*** Task data ***
lemma tr_eq_g_shift_words:
  assumes "1 \<le> i" "valid_word r"
  shows "tr_eq (g_shift i @ [] @ r) ([] @ g_shift i @ r)"
    "tr_eq (g_shift i @ [G i] @ r) ([G (Suc i)] @ g_shift i @ r)"
    "tr_eq (g_shift i @ [G (Suc i)] @ r) ([G (Suc (Suc i))] @ g_shift i @ r)"
    "tr_eq (g_shift i @ [G i, G (Suc i)] @ r) ([G (Suc i), G (Suc (Suc i))] @ g_shift i @ r)"
    "tr_eq (g_shift i @ [G (Suc i), G i] @ r) ([G (Suc (Suc i)), G (Suc i)] @ g_shift i @ r)"
    "tr_eq (g_shift i @ [G i, G (Suc i), G i] @ r) ([G (Suc i), G (Suc (Suc i)), G (Suc i)] @ g_shift i @ r)"
proof -
  note G = tr_eq_g_shift_G[OF assms(1)]
  have v: "valid_word (G k # r)" if "1 \<le> k" for k using assms that by simp
  show "tr_eq (g_shift i @ [] @ r) ([] @ g_shift i @ r)" by simp
  show "tr_eq (g_shift i @ [G i] @ r) ([G (Suc i)] @ g_shift i @ r)" using G assms by simp
  show "tr_eq (g_shift i @ [G (Suc i)] @ r) ([G (Suc (Suc i))] @ g_shift i @ r)" using G assms by simp
  show "tr_eq (g_shift i @ [G i, G (Suc i)] @ r) ([G (Suc i), G (Suc (Suc i))] @ g_shift i @ r)"
    using G(1)[OF v[of "Suc i"]] tr_eq_Cons[OF G(2)[OF assms(2)], of "G (Suc i)"] tr_eq_trans assms by simp
  show "tr_eq (g_shift i @ [G (Suc i), G i] @ r) ([G (Suc (Suc i)), G (Suc i)] @ g_shift i @ r)"
    using G(2)[OF v[of i]] tr_eq_Cons[OF G(1)[OF assms(2)], of "G (Suc (Suc i))"] tr_eq_trans assms by simp
  have "tr_eq (g_shift i @ G i # G (Suc i) # G i # r) (G (Suc i) # g_shift i @ G (Suc i) # G i # r)"
    using G(1)[of "G (Suc i) # G i # r"] assms by simp
  also have "tr_eq \<dots> (G (Suc i) # G (Suc (Suc i)) # g_shift i @ G i # r)"
    using tr_eq_Cons[OF G(2)[of "G i # r"], of "G (Suc i)"] assms by simp
  also have "tr_eq \<dots> (G (Suc i) # G (Suc (Suc i)) # G (Suc i) # g_shift i @ r)"
    using tr_eq_context[OF G(1)[OF assms(2)], of "[G (Suc i), G (Suc (Suc i))]" "[]"] assms by simp
  finally show "tr_eq (g_shift i @ [G i, G (Suc i), G i] @ r) ([G (Suc i), G (Suc (Suc i)), G (Suc i)] @ g_shift i @ r)"
    by simp
qed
***
The full set of entries should be transcribed exactly.

• [Response area]
lemma tr_eq_g_shift_words:
  assumes "1 \<le> i" "valid_word r"
  shows "tr_eq (g_shift i @ [] @ r) ([] @ g_shift i @ r)"
    "tr_eq (g_shift i @ [G i] @ r) ([G (Suc i)] @ g_shift i @ r)"
    "tr_eq (g_shift i @ [G (Suc i)] @ r) ([G (Suc (Suc i))] @ g_shift i @ r)"
    "tr_eq (g_shift i @ [G i, G (Suc i)] @ r) ([G (Suc i), G (Suc (Suc i))] @ g_shift i @ r)"
    "tr_eq (g_shift i @ [G (Suc i), G i] @ r) ([G (Suc (Suc i)), G (Suc i)] @ g_shift i @ r)"
    "tr_eq (g_shift i @ [G i, G (Suc i), G i] @ r) ([G (Suc i), G (Suc (Suc i)), G (Suc i)] @ g_shift i @ r)"
proof -
  note G = tr_eq_g_shift_G[OF assms(1)]
  have v: "valid_word (G k # r)" if "1 \<le> k" for k using assms that by simp
  show "tr_eq (g_shift i @ [] @ r) ([] @ g_shift i @ r)" by simp
  show "tr_eq (g_shift i @ [G i] @ r) ([G (Suc i)] @ g_shift i @ r)" using G assms by simp
  show "tr_eq (g_shift i @ [G (Suc i)] @ r) ([G (Suc (Suc i))] @ g_shift i @ r)" using G assms by simp
  show "tr_eq (g_shift i @ [G i, G (Suc i)] @ r) ([G (Suc i), G (Suc (Suc i))] @ g_shift i @ r)"
    using G(1)[OF v[of "Suc i"]] tr_eq_Cons[OF G(2)[OF assms(2)], of "G (Suc i)"] tr_eq_trans assms by simp
  show "tr_eq (g_shift i @ [G (Suc i), G i] @ r) ([G (Suc (Suc i)), G (Suc i)] @ g_shift i @ r)"
    using G(2)[OF v[of i]] tr_eq_Cons[OF G(1)[OF assms(2)], of "G (Suc (Suc i))"] tr_eq_trans assms by simp
  have "tr_eq (g_shift i @ G i # G (Suc i) # G i # r) (G (Suc i) # g_shift i @ G (Suc i) # G i # r)"
    using G(1)[of "G (Suc i) # G i # r"] assms by simp
  also have "tr_eq \<dots> (G (Suc i) # G (Suc (Suc i)) # g_shift i @ G i # r)"
    using tr_eq_Cons[OF G(2)[of "G i # r"], of "G (Suc i)"] assms by simp
  also have "tr_eq \<dots> (G (Suc i) # G (Suc (Suc i)) # G (Suc i) # g_shift i @ r)"
    using tr_eq_context[OF G(1)[OF assms(2)], of "[G (Suc i), G (Suc (Suc i))]" "[]"] assms by simp
  finally show "tr_eq (g_shift i @ [G i, G (Suc i), G i] @ r) ([G (Suc i), G (Suc (Suc i)), G (Suc i)] @ g_shift i @ r)"
    by simp
qed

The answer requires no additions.